_Dataset entries_.
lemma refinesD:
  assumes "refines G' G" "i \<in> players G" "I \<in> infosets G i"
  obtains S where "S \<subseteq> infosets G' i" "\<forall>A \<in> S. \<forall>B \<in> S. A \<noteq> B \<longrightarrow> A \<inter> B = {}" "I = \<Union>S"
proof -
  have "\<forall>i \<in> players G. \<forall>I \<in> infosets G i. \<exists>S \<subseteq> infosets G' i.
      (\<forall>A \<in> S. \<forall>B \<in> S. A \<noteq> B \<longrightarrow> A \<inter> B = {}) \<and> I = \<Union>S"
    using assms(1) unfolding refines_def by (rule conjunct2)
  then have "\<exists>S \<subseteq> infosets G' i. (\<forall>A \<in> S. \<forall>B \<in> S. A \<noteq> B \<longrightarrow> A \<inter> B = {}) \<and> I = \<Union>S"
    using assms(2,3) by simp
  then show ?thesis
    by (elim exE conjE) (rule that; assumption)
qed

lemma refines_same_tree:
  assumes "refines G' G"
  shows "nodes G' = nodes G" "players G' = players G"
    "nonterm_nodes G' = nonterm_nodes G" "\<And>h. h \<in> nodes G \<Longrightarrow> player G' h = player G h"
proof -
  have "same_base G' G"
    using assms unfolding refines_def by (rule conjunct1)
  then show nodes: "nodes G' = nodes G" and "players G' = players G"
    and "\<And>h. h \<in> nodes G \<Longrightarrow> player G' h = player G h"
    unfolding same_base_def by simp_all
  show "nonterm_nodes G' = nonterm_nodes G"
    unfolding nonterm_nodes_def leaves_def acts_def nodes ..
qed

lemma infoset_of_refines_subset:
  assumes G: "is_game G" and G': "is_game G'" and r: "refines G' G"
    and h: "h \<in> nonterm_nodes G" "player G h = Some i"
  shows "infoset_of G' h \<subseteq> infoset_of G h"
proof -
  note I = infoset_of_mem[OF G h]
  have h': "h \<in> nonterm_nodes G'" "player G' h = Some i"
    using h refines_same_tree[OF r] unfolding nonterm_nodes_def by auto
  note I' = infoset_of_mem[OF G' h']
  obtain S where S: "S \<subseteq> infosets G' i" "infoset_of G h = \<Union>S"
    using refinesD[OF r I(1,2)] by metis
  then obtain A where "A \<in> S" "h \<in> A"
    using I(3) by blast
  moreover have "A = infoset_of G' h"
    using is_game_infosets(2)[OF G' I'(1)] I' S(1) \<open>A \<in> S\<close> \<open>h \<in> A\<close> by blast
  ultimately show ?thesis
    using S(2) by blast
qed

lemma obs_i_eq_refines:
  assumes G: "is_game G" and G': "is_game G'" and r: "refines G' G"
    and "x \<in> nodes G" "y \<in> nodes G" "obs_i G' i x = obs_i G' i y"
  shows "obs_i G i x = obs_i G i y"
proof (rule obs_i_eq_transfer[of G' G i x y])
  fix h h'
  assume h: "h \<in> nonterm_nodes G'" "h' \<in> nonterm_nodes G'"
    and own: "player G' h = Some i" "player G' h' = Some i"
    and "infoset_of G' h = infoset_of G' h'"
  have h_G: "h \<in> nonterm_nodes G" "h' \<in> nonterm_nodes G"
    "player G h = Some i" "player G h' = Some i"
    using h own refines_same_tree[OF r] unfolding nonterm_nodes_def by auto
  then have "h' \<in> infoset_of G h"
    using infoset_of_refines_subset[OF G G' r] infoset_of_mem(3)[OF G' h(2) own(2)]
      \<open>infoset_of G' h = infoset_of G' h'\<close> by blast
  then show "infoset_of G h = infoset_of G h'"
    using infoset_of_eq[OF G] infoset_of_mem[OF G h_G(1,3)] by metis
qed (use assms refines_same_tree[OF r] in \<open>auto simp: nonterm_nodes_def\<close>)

_Exercise objective_.
Respond with one number, the count of lines of the material that include "have".

_Written solution_.
7